From a combination of survey data and first-hand impressions, I think that about 67% (~20) of the participants came away with some kind of takeaway. In terms of EA/​rationality orienting, though, it seems that about 17% of the students (~6) got a lot out of ESPR.

It’s not clear, though, that these are the base rates of “what percentage of people who go to ESPR come out awesome?” There are several confounding factors here.

One of the biggest ones is that most of the people who seemed to pan out very well (i.e. were good along the EA/​rationalist axes) were also people who we knew were already exposed to these ideas prior to camp. This also seemed to be true for last year, and I count myself as one of them.

So, back to the overall goal of ESPR, there’s a crucial question of “rope newcomers into the community” versus “marshall existing young community members” which I think we partially sidestepped early on.

Part of this had to do with ESPR’s focus on high achieving participants, for example those who had succeeded in national and international math competitions. Here’s one version of the story for why we focusing on these students from a consequentialist position might make sense:

“Most of the important discoveries are going to be done by people who are at the top of their field. Thus, making sure that the future is going to turn out well means making sure the smartest people in 20 years have a good set of ethics. Thus, we should focus on those people.”

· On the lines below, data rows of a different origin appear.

lemma neumann_series_inverse:
  fixes E :: "'a::banach \<Rightarrow>\<^sub>L 'a"
  assumes "norm E < 1"
  shows "\<exists>N. N o\<^sub>L (id_blinfun - E) = id_blinfun \<and> (id_blinfun - E) o\<^sub>L N = id_blinfun"
proof -
  have "summable (op_pow E)"
  proof (rule summable_comparison_test)
    show "\<exists>N. \<forall>n\<ge>N. norm (op_pow E n) \<le> norm E ^ n"
      using norm_op_pow_le by blast
    show "summable (\<lambda>n. norm E ^ n)"
      using assms by (simp add: summable_geometric)
  qed
  then have sums: "op_pow E sums suminf (op_pow E)"
    by (rule summable_sums)
  have lim: "op_pow E \<longlonglongrightarrow> 0"
  proof (rule tendsto_norm_zero_cancel, rule Lim_null_comparison)
    show "\<forall>\<^sub>F n in sequentially. norm (norm (op_pow E n)) \<le> norm E ^ n"
      by (simp add: norm_op_pow_le)
    show "(\<lambda>n. norm E ^ n) \<longlonglongrightarrow> 0"
      using assms by (simp add: LIMSEQ_power_zero)
  qed
  have tel: "(\<lambda>n. op_pow E n - op_pow E (Suc n)) sums (op_pow E 0 - 0)"
    by (rule telescope_sums'[OF lim])
  have left: "op_pow E n o\<^sub>L (id_blinfun - E) = op_pow E n - op_pow E (Suc n)" for n
    using op_pow_commute[of E E n] by (simp add: blinfun_compose_simps)
  have right: "(id_blinfun - E) o\<^sub>L op_pow E n = op_pow E n - op_pow E (Suc n)" for n
    by (simp add: blinfun_compose_simps)
  have "(\<lambda>n. op_pow E n - op_pow E (Suc n)) sums (suminf (op_pow E) o\<^sub>L (id_blinfun - E))"
    using bounded_linear.sums[OF bounded_linear_blinfun_compose_right[of "id_blinfun - E"] sums]
    unfolding left .
  moreover have "(\<lambda>n. op_pow E n - op_pow E (Suc n)) sums ((id_blinfun - E) o\<^sub>L suminf (op_pow E))"
    using bounded_linear.sums[OF bounded_linear_blinfun_compose_left[of "id_blinfun - E"] sums]
    unfolding right .
  ultimately show ?thesis
    using sums_unique2[OF _ tel] by auto
qed

lemma norm_id_minus_coercive_le:
  fixes T :: "'a::real_inner \<Rightarrow>\<^sub>L 'a"
  assumes "coercive c T"
  shows "norm (id_blinfun - (1 / (norm T + c)) *\<^sub>R T) \<le> 1 - c / (norm T + c)"
proof -
  have sa: "selfadjoint T" and ge: "op_ge_scalar T c" and c: "0 < c"
    using assms by (auto simp: coercive_def)
  define M where "M = norm T + c"
  have M: "0 < M" "c \<le> M"
    using c by (auto simp: M_def add_nonneg_pos)
  have "norm (id_blinfun - (1 / M) *\<^sub>R T) \<le> 1 - c / M"
  proof (rule norm_selfadjoint_le_quadratic_form)
    show "selfadjoint (id_blinfun - (1 / M) *\<^sub>R T)"
      by (intro selfadjoint_diff selfadjoint_id selfadjoint_scaleR sa)
    show "0 \<le> 1 - c / M"
      using M by simp
    fix x
    have "inner (T x) x \<le> norm (T x) * norm x"
      by (rule norm_cauchy_schwarz)
    also have "\<dots> \<le> norm T * norm x * norm x"
      using norm_blinfun[of T x] by (simp add: mult_right_mono)
    also have "\<dots> \<le> M * (norm x)\<^sup>2"
      using c by (simp add: M_def power2_eq_square algebra_simps)
    finally have "inner (T x) x / M \<le> (norm x)\<^sup>2"
      using M by (simp add: field_simps)
    moreover have "c * (norm x)\<^sup>2 / M \<le> inner (T x) x / M"
      using op_ge_scalarD[OF ge] M by (simp add: divide_right_mono)
    moreover have "inner ((id_blinfun - (1 / M) *\<^sub>R T) x) x = (norm x)\<^sup>2 - inner (T x) x / M"
      by (simp add: blinfun.bilinear_simps inner_diff_left power2_norm_eq_inner)
    ultimately show "\<bar>inner ((id_blinfun - (1 / M) *\<^sub>R T) x) x\<bar> \<le> (1 - c / M) * (norm x)\<^sup>2"
      by (simp add: algebra_simps abs_le_iff)
  qed
  then show ?thesis
    by (simp add: M_def)
qed
lemma revealed_pref_subset: "revealed_pref k (nonempty_subsets X) c \<subseteq> R"
proof
  fix p assume "p \<in> revealed_pref k (nonempty_subsets X) c"
  then obtain y B where p: "p = (c B, y)" "y \<noteq> c B" "y \<in> B"
    and B: "B \<subseteq> X" "B \<noteq> {}" "card B \<le> k"
    unfolding revealed_pref_def directly_chosen_def by blast
  then show "p \<in> R"
    using choice_pref[OF B(1,2)] attention_eq_if_card_le[OF B] by simp
qed

lemma SARP_k: "SARP_k X k (nonempty_subsets X) c"
proof -
  have "acyclic (revealed_pref k (nonempty_subsets X) c)"
    using acyclic_subset[OF acyclic_if_strict_pref[OF strict_pref] revealed_pref_subset] .
  then show ?thesis by (simp add: SARP_k_iff_acyclic_revealed_pref)
qed

lemma rationalizable_k: "rationalizable_k X k (nonempty_subsets X) c"
  unfolding rationalizable_k_def
  using strict_pref attention_filter card_attention choice_attended choice_pref
  by (intro exI[of _ R] exI[of _ \<Gamma>]) auto

lemma WARP_LA_k: "WARP_LA_k X k c"
  unfolding WARP_LA_k_def
proof (intro allI impI, elim conjE)
  fix S T x y
  assume S: "S \<subseteq> X" "S \<noteq> {}" and T: "T \<subseteq> X" "T \<noteq> {}" "card T \<le> k"
    and xy: "x \<in> S \<inter> T" "y \<in> S \<inter> T" "x \<noteq> y" and choices: "x = c S" "y = c T"
  have "(y, x) \<in> R"
    using choice_pref[OF T(1,2)] attention_eq_if_card_le[OF T] xy choices by auto
  then have "y \<notin> \<Gamma> S"
    using choice_pref[OF S, of y] xy(3) choices(1) asym by metis
  then have "\<Gamma> (S - {y}) = \<Gamma> S"
    using attention_Diff_unattended[OF S(1)] xy by blast
  then show "x = c (S - {y})"
    using choice_eq_if_attention_eq[of S "S - {y}"] S xy choices by blast
qed
(* Let $(X,\mu)$ be a non-atomic probability space with a tree $\mathcal T$, $p>1$, $0<f^p\leq F$, and $0<k<1$. Let $h_k(B)=\frac{(f-B)^p}{(1-k)^{p-1}}+\frac{B^p}{k^{p-1}}$ for $B\in[0,f]$. Then \[ B_p^{\mathcal T}(f,F,k)\leq\sup\left\{\left(F-\frac{(f-B)^p}{(1-k)^{p-1}}\right)\omega_p\!\left(\frac{B^p}{k^{p-1}\left(F-\frac{(f-B)^p}{(1-k)^{p-1}}\right)}\right)^p:\ B\in[0,f],\ h_k(B)\leq F\right\}. \]
   Context: A tree on a non-atomic probability space $(X,\mu)$ is a family $\mathcal T$ of measurable subsets of $X$ such that: (i) $X\in\mathcal T$ and $\mu(I)>0$ for every $I\in\mathcal T$; (ii) for every $I\in\mathcal T$ there is a finite or countable subset $C(I)\subseteq\mathcal T$ with at least two elements, whose elements are pairwise disjoint subsets of $I$ with union $I$; (iii) $\mathcal T=\bigcup_{m\geq0}\mathcal T_{(m)}$, where $\mathcal T_{(0)}=\{X\}$ and $\mathcal T_{(m+1)}=\bigcup_{I\in\mathcal T_{(m)}}C(I)$; (iv) $\lim_{m\to\infty}\sup_{I\in\mathcal T_{(m)}}\mu(I)=0$; (v) $\mathcal T$ differentiates $L^1(X,\mu)$. The dyadic maximal operator is $M_{\mathcal T}\phi(x)=\sup\{\frac{1}{\mu(I)}\int_I|\phi|\,d\mu: x\in I\in\mathcal T\}$. The Bellman function is $B_p^{\mathcal T}(f,F,k)=\sup\{\int_K(M_{\mathcal T}\phi)^p\,d\mu:\ \phi\geq0,\ \int_X\phi\,d\mu=f,\ \int_X\phi^p\,d\mu=F,\ K\subseteq X\text{ measurable with }\mu(K)=k\}$. $\omega_p:[0,1]\to[1,\frac{p}{p-1}]$ is the inverse of $H_p(z)=pz^{p-1}-(p-1)z^p$ restricted to $[1,\frac{p}{p-1}]$. Note that $h_k(B)\le F$ ensures the argument of $\omega_p$ lies in $[0,1]$. *)

theory Defs
  imports "HOL-Probability.Probability"
begin

definition non_atomic :: "'a measure \<Rightarrow> bool" where
  "non_atomic M \<longleftrightarrow> (\<forall>A\<in>sets M. measure M A > 0 \<longrightarrow>
      (\<exists>B\<in>sets M. B \<subseteq> A \<and> 0 < measure M B \<and> measure M B < measure M A))"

And while I don’t think any explicit form of the above reasoning took root in our decision process, I definitely think it was present in some form.

Now, though, I think that trading off additional technical ability for pre-exposure to EA/​rationalist is generally a good idea if the thing you care about is impact, and the actual benefits work out in its favor. In other words, we should weight attitude more than we currently do in the attitude-aptitude trade-off.

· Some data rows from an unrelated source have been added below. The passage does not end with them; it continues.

text \<open>Starting the enumeration at the next vertex (and shifting \<open>c\<close> accordingly) describes the
  same alcove, with the facet reflections rotated.\<close>
lemma alcove_refl_rotate:
  fixes e :: "nat \<Rightarrow> 'n::finite"
  assumes e: "enumeration e" and k: "k < CARD('n)"
  shows "alcove_refl (\<lambda>k. e (Suc k mod CARD('n))) (\<lambda>i. c i + (if i = e 0 then 1 else 0)) k =
    alcove_refl e c (Suc k mod CARD('n))"
proof -
  define K where "K = Suc k mod CARD('n)"
  define K2 where "K2 = Suc K mod CARD('n)"
  have KN: "K < CARD('n)" "K2 < CARD('n)" "0 < CARD('n)" unfolding K_def K2_def by auto
  have "e K = e 0 \<longleftrightarrow> k = CARD('n) - 1"
    using enumeration_eq_iff[OF e KN(1,3)] Suc_mod_eq_0_iff[OF k] unfolding K_def by simp
  moreover have "e K2 = e 0 \<longleftrightarrow> K = CARD('n) - 1"
    using enumeration_eq_iff[OF e KN(2,3)] Suc_mod_eq_0_iff[OF KN(1)] unfolding K2_def by simp
  ultimately show ?thesis
    unfolding alcove_refl_def alcove_const_def K_def[symmetric] K2_def[symmetric] by (simp add: algebra_simps)
qed

lemma exists_alcove_rotation:
  fixes e :: "nat \<Rightarrow> 'n::finite"
  assumes e: "enumeration e"
  shows "\<exists>e' c'. enumeration e' \<and>
    (\<forall>k<CARD('n). alcove_refl e' c' k = alcove_refl e c ((k + m) mod CARD('n)))"
proof (induction m)
  case 0
  then show ?case using e by auto
next
  case (Suc m)
  then obtain e' c' where e': "enumeration e'"
    and r: "\<forall>k<CARD('n). alcove_refl e' c' k = alcove_refl e c ((k + m) mod CARD('n))" by blast
  have "alcove_refl (\<lambda>k. e' (Suc k mod CARD('n))) (\<lambda>i. c' i + (if i = e' 0 then 1 else 0)) k =
      alcove_refl e c ((k + Suc m) mod CARD('n))" if k: "k < CARD('n)" for k
    using alcove_refl_rotate[OF e' k] r by (simp add: mod_add_left_eq)
  then show ?case using enumeration_rotate[OF e'] by blast
qed

lemma alcove_const_swap_first:
  fixes e :: "nat \<Rightarrow> 'n::finite"
  assumes e: "enumeration e" and N: "3 \<le> CARD('n)" and k: "0 < k" "k < CARD('n)"
  shows "alcove_const (e \<circ> Transposition.transpose 0 1) c k = alcove_const e c k -
    alcove_const e c 0 * (root_coeff (e 0) (e 1) (e k) - root_coeff (e 0) (e 1) (e (Suc k mod CARD('n))))"
proof -
  define K where "K = Suc k mod CARD('n)"
  have N01: "0 < CARD('n)" "1 < CARD('n)" "Suc 0 mod CARD('n) = 1" using N by auto
  have K: "K < CARD('n)" "K \<noteq> 1" "K = 0 \<longleftrightarrow> k = CARD('n) - 1"
    using Suc_mod_inj[OF k(2) N01(1)] Suc_mod_eq_0_iff[OF k(2)] k N01 unfolding K_def by auto
  have "root_coeff (e 0) (e 1) (e k) = (if k = 1 then -1 else 0)"
    using enumeration_eq_iff[OF e k(2) N01(1)] enumeration_eq_iff[OF e k(2) N01(2)] k(1)
    by (simp add: root_coeff_def)
  moreover have "root_coeff (e 0) (e 1) (e K) = (if K = 0 then 1 else 0)"
    using enumeration_eq_iff[OF e K(1) N01(1)] enumeration_eq_iff[OF e K(1) N01(2)] K(2)
    by (simp add: root_coeff_def)
  moreover have "K = 2" if "k = 1" using that N unfolding K_def by simp
  ultimately show ?thesis
    using k K N01 unfolding alcove_const_def K_def[symmetric]
    by (auto simp: Transposition.transpose_def algebra_simps)
qed

lemma alcove_refl_swap_first:
  fixes e :: "nat \<Rightarrow> 'n::finite"
  assumes e: "enumeration e" and N: "3 \<le> CARD('n)"
  defines "e' \<equiv> e \<circ> Transposition.transpose 0 1"
  shows "enumeration e'" "alcove_refl e' c 0 = alcove_refl e c 0"
    and "\<And>k. 0 < k \<Longrightarrow> k < CARD('n) \<Longrightarrow>
      alcove_refl e' c k = alcove_refl e c 0 \<circ> alcove_refl e c k \<circ> alcove_refl e c 0"
proof -
  have N01: "0 < CARD('n)" "1 < CARD('n)" "Suc 0 mod CARD('n) = 1" "0 \<noteq> CARD('n) - 1" using N by auto
  have sw: "Transposition.transpose 0 1 j < CARD('n)" if "j < CARD('n)" for j :: nat
    using that N01 by (auto simp: Transposition.transpose_def)
  show "enumeration e'"
  proof (rule enumeration_of_inj_on, rule inj_onI)
    fix x y assume "x \<in> {..<CARD('n)}" "y \<in> {..<CARD('n)}" "e' x = e' y"
    then show "x = y"
      using enumeration_eq_iff[OF e] sw by (auto simp: e'_def Transposition.transpose_def split: if_splits)
  qed
  have R0: "alcove_refl e c 0 = refl (e 0) (e 1) (alcove_const e c 0)"
    using N01 by (simp add: alcove_refl_def)
  show "alcove_refl e' c 0 = alcove_refl e c 0"
    using N01 refl_swap[of "e 1" "e 0" "alcove_const e c 0"]
    by (simp add: R0 alcove_refl_def alcove_const_def e'_def)
  fix k assume k: "0 < k" "k < CARD('n)"
  let ?K = "Suc k mod CARD('n)" and ?\<tau> = "Transposition.transpose (e 0) (e 1)"
  have \<tau>: "?\<tau> (e j) = e' j" if "j < CARD('n)" for j
    using enumeration_eq_iff[OF e that N01(1)] enumeration_eq_iff[OF e that N01(2)]
    by (auto simp: e'_def Transposition.transpose_def)
  have ne: "e 0 \<noteq> e 1" "e k \<noteq> e ?K"
    using enumeration_eq_iff[OF e N01(1,2)] enumeration_next_neq[OF e _ k(2)] N by auto
  show "alcove_refl e' c k = alcove_refl e c 0 \<circ> alcove_refl e c k \<circ> alcove_refl e c 0"
    using refl_conjugate[OF ne, of "alcove_const e c 0" "alcove_const e c k"]
      alcove_const_swap_first[OF e N k, of c, folded e'_def] \<tau>[OF k(2)] \<tau>[of ?K] N01
    by (simp add: fun_eq_iff R0 alcove_refl_def)
qed

text \<open>The reflection \<open>s\<close> in the \<open>x\<close>-th wall maps the alcove to its neighbour across that wall,
  whose facet reflections are \<open>s\<close> itself and the conjugates \<open>s t s\<close> of the others.\<close>
lemma exists_alcove_conjugate:
  fixes e :: "nat \<Rightarrow> 'n::finite"
  assumes e: "enumeration e" and N: "3 \<le> CARD('n)" and x: "x < CARD('n)"
  shows "\<exists>e' c'. enumeration e' \<and> alcove_refl e' c' x = alcove_refl e c x \<and>
    (\<forall>k<CARD('n). k \<noteq> x \<longrightarrow> alcove_refl e' c' k = alcove_refl e c x \<circ> alcove_refl e c k \<circ> alcove_refl e c x)"
proof -
  let ?N = "CARD('n)"
  obtain e1 c1 where e1: "enumeration e1"
    and r1: "\<forall>k<?N. alcove_refl e1 c1 k = alcove_refl e c ((k + x) mod ?N)"
    using exists_alcove_rotation[OF e] by blast
  define e2 where "e2 = e1 \<circ> Transposition.transpose 0 1"
  have e2: "enumeration e2" "alcove_refl e2 c1 0 = alcove_refl e1 c1 0"
    "\<And>k. 0 < k \<Longrightarrow> k < ?N \<Longrightarrow>
      alcove_refl e2 c1 k = alcove_refl e1 c1 0 \<circ> alcove_refl e1 c1 k \<circ> alcove_refl e1 c1 0"
    unfolding e2_def by (rule alcove_refl_swap_first[OF e1 N])+
  obtain e3 c3 where e3: "enumeration e3"
    and r3: "\<forall>k<?N. alcove_refl e3 c3 k = alcove_refl e2 c1 ((k + (?N - x)) mod ?N)"
    using exists_alcove_rotation[OF e2(1)] by blast
  have s: "alcove_refl e1 c1 0 = alcove_refl e c x" using r1 x by simp
  have "alcove_refl e3 c3 x = alcove_refl e c x" using r3 x e2(2) s by simp
  moreover have "alcove_refl e3 c3 k = alcove_refl e c x \<circ> alcove_refl e c k \<circ> alcove_refl e c x"
    if k: "k < ?N" "k \<noteq> x" for k
  proof -
    define j where "j = (k + (?N - x)) mod ?N"
    have "(j + x) mod ?N = (k + ?N) mod ?N" using x by (simp add: j_def mod_add_left_eq)
    then have jx: "(j + x) mod ?N = k" using k by simp
    have "j \<noteq> 0"
    proof
      assume "j = 0"
      with jx x have "k = x" by simp
      with k show False by simp
    qed
    then have j: "j < ?N" "0 < j" unfolding j_def by simp_all
    have "alcove_refl e3 c3 k = alcove_refl e2 c1 j" using r3 k unfolding j_def by simp
    also have "\<dots> = alcove_refl e1 c1 0 \<circ> alcove_refl e1 c1 j \<circ> alcove_refl e1 c1 0"
      using e2(3) j by simp
    finally show ?thesis using r1 j jx s by simp
  qed
  ultimately show ?thesis using e3 by blast
qed

section \<open>The orientation induced by an ordering of the facet reflections\<close>

definition list_orientation ::
  "(nat \<Rightarrow> 'n::finite) \<Rightarrow> ('n \<Rightarrow> int) \<Rightarrow> nat list \<Rightarrow> ((real^'n \<Rightarrow> real^'n) \<times> (real^'n \<Rightarrow> real^'n)) set" where
  "list_orientation e c L = {(alcove_refl e c p, alcove_refl e c q) | p q.
     p < CARD('n) \<and> q < CARD('n) \<and> cyc_arrow CARD('n) L p q}"

lemma mem_list_orientation_iff:
  fixes e :: "nat \<Rightarrow> 'n::finite"
  assumes e: "enumeration e" and N: "3 \<le> CARD('n)" and pq: "p < CARD('n)" "q < CARD('n)"
  shows "(alcove_refl e c p, alcove_refl e c q) \<in> list_orientation e c L \<longleftrightarrow> cyc_arrow CARD('n) L p q"
proof
  assume "(alcove_refl e c p, alcove_refl e c q) \<in> list_orientation e c L"
  then obtain p' q' where pq': "p' < CARD('n)" "q' < CARD('n)" "cyc_arrow CARD('n) L p' q'"
    and eq: "alcove_refl e c p = alcove_refl e c p'" "alcove_refl e c q = alcove_refl e c q'"
    unfolding list_orientation_def by blast
  then show "cyc_arrow CARD('n) L p q"
    using alcove_refl_inj[OF e N pq(1) pq'(1) eq(1)] alcove_refl_inj[OF e N pq(2) pq'(2) eq(2)] by simp
qed (use pq in \<open>auto simp: list_orientation_def\<close>)

lemma dedge_alcove_iff:
  fixes e :: "nat \<Rightarrow> 'n::finite"
  assumes e: "enumeration e" and N: "3 \<le> CARD('n)"
  shows "dedge (alcove e c) s t \<longleftrightarrow> (\<exists>p q. p < CARD('n) \<and> q < CARD('n) \<and> cyc_adj CARD('n) p q \<and>
    s = alcove_refl e c p \<and> t = alcove_refl e c q)"
proof -
  have "2 \<le> CARD('n)" using N by simp
  then have "p \<noteq> q" if "cyc_adj CARD('n) p q" "p < CARD('n)" "q < CARD('n)" for p q
    using cyc_adj_neq that by blast
  then show ?thesis
    using alcove_refl_commute_iff[OF e N] alcove_refl_inj[OF e N]
    unfolding dedge_def facet_refls_alcove[OF e N] by blast
qed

This is a direct result of my experience at ESPR 2016 /​ 2017.

(Note that this may still be too small of a sample for my opinion here to mean very much.)

I’ve also changed my mind on what I want participants to get out of ESPR:

As a result of conversations with others who gave pushback on explicitly pushing for the rationality and effective altruist angle, I think I’ve now pivoted to thinking that the point of ESPR is to get more people thinking altruistically, with effectiveness and rationality as merely nice-to-haves.

What I sort of mean by that is a set of questions that sort of goes like, “Do I expect this person to be doing exciting work that will, on net, be beneficial to other people in the future? Do I expect them to care about helping others? Do I see them interacting with others who are engaging in humanitarian projects?”

(I know the above criterion is still vague, and it merely sort of maps onto my gut impressions /​ checking in with my internal anticipations to see what I expect. It also feels like the best I’ve got for now. )

Anyway, this is a noticeable shift from my original viewpoint of “Let’s get everyone super into effective altruism and rationality!”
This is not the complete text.